# Exercise aim
Every line below that holds the word "norm" must be listed.

Items from a data source

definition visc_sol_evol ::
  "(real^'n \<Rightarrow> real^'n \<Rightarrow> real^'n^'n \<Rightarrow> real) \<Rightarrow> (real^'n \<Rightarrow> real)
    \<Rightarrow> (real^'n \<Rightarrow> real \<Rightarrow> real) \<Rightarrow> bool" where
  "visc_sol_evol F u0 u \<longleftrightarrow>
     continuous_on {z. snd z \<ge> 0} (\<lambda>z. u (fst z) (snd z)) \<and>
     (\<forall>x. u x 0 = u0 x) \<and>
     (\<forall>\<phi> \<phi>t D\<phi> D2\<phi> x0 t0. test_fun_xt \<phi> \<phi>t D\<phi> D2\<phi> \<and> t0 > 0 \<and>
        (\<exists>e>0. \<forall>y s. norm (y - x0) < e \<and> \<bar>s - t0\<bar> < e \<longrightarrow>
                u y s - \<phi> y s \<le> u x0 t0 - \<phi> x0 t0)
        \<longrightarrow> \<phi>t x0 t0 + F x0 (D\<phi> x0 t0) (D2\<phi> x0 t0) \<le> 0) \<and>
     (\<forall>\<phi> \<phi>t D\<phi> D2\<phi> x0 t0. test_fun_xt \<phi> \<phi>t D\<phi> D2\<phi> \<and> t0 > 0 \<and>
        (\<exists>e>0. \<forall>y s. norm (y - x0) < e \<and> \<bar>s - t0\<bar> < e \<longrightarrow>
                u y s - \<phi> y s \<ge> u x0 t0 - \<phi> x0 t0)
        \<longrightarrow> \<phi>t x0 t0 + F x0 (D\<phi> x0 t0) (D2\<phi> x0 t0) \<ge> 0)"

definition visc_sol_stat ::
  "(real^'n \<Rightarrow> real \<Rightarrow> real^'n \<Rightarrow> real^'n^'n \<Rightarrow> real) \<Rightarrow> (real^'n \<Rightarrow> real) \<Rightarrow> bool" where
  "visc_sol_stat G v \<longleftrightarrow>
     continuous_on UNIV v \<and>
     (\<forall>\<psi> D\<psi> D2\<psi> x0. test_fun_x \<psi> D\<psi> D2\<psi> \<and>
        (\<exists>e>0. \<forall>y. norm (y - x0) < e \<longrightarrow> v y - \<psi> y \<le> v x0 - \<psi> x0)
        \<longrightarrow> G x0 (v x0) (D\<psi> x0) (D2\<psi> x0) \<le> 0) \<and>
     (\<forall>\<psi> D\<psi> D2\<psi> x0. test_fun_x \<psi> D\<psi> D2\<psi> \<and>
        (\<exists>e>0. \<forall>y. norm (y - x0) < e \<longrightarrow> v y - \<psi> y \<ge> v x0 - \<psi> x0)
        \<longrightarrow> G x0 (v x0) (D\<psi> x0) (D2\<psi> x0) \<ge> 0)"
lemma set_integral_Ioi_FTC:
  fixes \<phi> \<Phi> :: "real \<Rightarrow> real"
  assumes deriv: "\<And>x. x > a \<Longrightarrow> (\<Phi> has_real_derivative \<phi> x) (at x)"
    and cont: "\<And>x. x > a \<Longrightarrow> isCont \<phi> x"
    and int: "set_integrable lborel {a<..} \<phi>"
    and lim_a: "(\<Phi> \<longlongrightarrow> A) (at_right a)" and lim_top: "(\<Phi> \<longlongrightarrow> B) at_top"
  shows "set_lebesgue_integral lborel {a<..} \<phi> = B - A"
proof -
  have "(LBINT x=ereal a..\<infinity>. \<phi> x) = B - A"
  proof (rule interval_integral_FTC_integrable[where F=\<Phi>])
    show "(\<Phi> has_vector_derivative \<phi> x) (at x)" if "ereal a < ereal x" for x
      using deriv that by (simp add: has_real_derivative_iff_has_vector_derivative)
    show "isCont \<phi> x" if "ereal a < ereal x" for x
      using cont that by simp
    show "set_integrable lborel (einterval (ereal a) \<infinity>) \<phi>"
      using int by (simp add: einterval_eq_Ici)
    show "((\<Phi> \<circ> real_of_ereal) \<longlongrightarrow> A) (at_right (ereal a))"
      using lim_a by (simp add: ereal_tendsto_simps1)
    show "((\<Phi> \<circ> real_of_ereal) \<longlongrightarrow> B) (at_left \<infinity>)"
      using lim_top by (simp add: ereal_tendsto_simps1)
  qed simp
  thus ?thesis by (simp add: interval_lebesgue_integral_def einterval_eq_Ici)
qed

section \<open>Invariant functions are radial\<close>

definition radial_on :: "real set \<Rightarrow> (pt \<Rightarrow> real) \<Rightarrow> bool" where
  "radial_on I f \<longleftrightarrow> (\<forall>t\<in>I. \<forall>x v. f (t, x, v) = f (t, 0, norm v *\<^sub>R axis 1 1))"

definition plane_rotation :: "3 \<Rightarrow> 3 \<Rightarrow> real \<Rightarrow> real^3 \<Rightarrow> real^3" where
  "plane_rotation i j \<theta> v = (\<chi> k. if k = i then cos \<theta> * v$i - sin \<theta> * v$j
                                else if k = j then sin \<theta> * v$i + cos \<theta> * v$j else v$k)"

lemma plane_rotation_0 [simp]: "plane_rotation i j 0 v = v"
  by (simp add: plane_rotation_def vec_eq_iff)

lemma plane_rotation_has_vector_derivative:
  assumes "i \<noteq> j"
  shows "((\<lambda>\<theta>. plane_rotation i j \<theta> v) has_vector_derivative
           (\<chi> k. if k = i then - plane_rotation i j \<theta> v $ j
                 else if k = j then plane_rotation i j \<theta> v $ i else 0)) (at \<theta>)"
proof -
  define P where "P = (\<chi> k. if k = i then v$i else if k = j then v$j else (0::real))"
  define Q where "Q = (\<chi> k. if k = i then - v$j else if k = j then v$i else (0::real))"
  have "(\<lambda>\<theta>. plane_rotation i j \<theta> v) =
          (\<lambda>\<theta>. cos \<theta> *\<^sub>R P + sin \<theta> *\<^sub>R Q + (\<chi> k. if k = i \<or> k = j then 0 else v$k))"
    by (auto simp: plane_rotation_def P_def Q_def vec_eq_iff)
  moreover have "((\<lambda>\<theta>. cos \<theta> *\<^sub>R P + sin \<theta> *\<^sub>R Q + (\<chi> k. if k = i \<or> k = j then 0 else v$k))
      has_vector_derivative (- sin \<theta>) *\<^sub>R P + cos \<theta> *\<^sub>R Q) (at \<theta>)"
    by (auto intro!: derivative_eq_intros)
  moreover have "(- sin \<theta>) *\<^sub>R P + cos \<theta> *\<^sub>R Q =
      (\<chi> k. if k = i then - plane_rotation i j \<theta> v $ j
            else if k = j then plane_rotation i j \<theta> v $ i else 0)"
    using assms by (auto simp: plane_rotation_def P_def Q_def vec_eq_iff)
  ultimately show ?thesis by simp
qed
* * *
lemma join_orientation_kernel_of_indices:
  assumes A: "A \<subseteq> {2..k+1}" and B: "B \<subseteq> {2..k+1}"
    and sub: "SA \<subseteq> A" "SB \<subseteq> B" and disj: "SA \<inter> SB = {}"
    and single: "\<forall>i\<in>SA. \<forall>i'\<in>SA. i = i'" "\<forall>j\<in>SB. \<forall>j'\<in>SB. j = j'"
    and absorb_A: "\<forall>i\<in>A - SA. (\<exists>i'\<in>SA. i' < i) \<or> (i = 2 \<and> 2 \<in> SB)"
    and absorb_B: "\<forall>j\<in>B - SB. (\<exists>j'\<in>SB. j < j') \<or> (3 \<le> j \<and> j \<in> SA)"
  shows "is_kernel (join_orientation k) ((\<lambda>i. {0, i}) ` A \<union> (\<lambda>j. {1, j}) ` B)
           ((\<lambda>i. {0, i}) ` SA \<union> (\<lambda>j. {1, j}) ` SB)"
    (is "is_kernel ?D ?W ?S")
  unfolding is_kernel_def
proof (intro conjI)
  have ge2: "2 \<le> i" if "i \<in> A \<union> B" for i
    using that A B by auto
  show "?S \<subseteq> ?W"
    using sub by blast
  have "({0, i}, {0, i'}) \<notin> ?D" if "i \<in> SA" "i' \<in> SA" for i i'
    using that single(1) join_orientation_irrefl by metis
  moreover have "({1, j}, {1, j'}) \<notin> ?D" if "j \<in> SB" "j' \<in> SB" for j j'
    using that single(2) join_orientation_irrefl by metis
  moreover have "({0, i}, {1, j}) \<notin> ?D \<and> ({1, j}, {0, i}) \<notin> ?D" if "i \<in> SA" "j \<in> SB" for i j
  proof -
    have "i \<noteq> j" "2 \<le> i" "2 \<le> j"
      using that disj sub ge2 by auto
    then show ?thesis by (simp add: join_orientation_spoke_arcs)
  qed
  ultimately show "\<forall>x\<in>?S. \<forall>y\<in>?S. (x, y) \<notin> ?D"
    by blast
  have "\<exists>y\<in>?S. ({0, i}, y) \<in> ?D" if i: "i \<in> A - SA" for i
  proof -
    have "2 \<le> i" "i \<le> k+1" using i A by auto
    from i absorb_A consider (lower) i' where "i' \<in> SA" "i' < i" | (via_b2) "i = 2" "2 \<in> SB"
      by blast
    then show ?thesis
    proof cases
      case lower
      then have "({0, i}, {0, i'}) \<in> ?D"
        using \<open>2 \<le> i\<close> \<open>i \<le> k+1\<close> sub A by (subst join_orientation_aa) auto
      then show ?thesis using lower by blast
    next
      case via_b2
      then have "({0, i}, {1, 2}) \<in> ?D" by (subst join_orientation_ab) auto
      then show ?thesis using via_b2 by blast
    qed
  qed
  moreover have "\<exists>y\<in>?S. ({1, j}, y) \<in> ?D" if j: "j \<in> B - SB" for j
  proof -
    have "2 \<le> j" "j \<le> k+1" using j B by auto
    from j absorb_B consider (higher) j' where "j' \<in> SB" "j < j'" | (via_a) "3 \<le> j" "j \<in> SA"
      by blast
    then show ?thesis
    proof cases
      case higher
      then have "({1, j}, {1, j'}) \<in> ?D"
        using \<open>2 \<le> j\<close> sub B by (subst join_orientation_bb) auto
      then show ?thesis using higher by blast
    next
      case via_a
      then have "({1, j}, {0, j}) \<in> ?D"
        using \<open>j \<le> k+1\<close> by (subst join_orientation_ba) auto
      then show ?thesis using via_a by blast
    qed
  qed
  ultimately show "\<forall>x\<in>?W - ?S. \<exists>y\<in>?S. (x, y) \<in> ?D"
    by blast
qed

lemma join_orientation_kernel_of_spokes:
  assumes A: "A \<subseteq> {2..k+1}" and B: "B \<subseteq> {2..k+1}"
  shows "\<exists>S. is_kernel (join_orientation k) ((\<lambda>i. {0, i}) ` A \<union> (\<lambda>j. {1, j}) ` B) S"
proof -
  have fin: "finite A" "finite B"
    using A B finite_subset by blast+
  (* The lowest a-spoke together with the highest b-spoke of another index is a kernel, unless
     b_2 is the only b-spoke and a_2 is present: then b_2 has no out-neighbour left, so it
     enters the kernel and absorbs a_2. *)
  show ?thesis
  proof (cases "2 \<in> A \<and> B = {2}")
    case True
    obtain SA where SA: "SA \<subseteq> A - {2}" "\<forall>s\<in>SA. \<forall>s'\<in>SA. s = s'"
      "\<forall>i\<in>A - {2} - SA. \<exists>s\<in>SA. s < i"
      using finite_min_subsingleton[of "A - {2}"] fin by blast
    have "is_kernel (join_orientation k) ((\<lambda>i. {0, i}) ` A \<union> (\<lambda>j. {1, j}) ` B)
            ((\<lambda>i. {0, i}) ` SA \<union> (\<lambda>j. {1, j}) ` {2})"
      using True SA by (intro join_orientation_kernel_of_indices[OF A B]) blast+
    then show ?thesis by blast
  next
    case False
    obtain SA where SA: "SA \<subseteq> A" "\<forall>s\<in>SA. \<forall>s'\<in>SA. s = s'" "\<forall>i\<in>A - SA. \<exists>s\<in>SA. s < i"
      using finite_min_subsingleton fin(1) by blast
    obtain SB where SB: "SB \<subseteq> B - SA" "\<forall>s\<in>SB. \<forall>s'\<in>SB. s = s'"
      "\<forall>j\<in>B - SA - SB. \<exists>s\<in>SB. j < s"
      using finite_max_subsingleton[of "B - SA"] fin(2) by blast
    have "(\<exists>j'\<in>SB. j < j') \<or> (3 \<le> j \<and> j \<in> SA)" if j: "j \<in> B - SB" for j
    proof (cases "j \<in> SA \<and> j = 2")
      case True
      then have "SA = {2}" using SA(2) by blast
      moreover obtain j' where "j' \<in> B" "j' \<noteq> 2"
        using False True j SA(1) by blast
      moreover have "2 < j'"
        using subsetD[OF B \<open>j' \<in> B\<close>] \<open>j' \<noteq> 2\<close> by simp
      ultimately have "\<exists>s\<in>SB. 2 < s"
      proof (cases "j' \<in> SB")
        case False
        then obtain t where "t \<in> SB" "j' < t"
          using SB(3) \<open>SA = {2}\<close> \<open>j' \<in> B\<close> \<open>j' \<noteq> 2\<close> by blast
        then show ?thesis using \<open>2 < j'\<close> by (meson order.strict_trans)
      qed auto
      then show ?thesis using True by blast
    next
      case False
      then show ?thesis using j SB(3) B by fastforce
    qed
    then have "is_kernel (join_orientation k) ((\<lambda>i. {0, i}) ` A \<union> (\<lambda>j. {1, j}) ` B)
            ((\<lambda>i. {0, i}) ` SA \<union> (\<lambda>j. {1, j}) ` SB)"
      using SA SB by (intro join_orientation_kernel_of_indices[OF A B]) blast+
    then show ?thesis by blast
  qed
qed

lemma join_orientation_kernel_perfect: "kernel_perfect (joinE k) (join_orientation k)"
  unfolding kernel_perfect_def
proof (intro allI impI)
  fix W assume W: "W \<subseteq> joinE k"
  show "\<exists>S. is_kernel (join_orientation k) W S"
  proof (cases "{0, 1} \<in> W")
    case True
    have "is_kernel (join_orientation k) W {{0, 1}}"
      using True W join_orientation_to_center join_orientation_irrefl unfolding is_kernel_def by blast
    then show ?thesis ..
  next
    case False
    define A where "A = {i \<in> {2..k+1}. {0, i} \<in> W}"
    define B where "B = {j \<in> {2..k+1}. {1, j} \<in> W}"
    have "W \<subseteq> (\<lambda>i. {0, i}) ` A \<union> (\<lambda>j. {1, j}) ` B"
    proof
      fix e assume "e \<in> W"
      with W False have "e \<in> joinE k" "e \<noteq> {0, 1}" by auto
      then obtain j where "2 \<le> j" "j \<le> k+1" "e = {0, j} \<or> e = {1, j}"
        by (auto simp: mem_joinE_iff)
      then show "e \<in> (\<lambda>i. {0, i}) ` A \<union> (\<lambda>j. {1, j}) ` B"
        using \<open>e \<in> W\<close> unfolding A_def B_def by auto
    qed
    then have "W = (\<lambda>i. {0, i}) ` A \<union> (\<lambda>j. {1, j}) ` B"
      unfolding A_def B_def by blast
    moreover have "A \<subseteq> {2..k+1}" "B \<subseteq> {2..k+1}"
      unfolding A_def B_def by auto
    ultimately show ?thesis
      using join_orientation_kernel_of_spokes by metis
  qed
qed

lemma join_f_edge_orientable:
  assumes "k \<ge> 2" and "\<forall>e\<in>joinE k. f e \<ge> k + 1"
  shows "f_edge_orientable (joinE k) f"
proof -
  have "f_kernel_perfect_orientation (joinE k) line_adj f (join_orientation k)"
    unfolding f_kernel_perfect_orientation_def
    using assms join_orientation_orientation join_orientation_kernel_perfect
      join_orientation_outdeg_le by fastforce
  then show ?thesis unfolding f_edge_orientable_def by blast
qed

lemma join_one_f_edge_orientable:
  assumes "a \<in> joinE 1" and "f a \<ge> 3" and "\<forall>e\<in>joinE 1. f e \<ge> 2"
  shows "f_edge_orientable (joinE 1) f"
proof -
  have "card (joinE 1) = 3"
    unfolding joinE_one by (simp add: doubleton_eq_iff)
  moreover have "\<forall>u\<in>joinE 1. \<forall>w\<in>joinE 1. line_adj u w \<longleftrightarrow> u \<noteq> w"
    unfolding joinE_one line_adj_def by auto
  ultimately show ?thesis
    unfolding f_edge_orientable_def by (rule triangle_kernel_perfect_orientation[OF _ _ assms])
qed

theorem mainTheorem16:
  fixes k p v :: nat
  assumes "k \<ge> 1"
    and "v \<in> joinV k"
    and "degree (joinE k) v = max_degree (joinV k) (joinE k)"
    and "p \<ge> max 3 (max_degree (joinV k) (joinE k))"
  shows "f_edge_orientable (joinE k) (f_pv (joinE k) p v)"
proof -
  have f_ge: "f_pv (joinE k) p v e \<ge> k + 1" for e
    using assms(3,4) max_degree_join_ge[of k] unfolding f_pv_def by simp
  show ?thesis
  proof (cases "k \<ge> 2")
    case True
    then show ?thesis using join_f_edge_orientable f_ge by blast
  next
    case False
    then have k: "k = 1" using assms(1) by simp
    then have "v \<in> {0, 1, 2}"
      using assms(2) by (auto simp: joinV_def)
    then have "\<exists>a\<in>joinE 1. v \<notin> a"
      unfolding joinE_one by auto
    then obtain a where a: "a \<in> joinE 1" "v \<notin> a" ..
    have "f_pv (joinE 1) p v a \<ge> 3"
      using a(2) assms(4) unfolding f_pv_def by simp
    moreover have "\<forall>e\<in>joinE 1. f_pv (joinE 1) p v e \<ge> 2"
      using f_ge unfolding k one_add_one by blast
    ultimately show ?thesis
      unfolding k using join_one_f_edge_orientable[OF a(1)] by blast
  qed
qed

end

# Final answer
        (\<exists>e>0. \<forall>y s. norm (y - x0) < e \<and> \<bar>s - t0\<bar> < e \<longrightarrow>
        (\<exists>e>0. \<forall>y s. norm (y - x0) < e \<and> \<bar>s - t0\<bar> < e \<longrightarrow>
        (\<exists>e>0. \<forall>y. norm (y - x0) < e \<longrightarrow> v y - \<psi> y \<le> v x0 - \<psi> x0)
        (\<exists>e>0. \<forall>y. norm (y - x0) < e \<longrightarrow> v y - \<psi> y \<ge> v x0 - \<psi> x0)
  "radial_on I f \<longleftrightarrow> (\<forall>t\<in>I. \<forall>x v. f (t, x, v) = f (t, 0, norm v *\<^sub>R axis 1 1))"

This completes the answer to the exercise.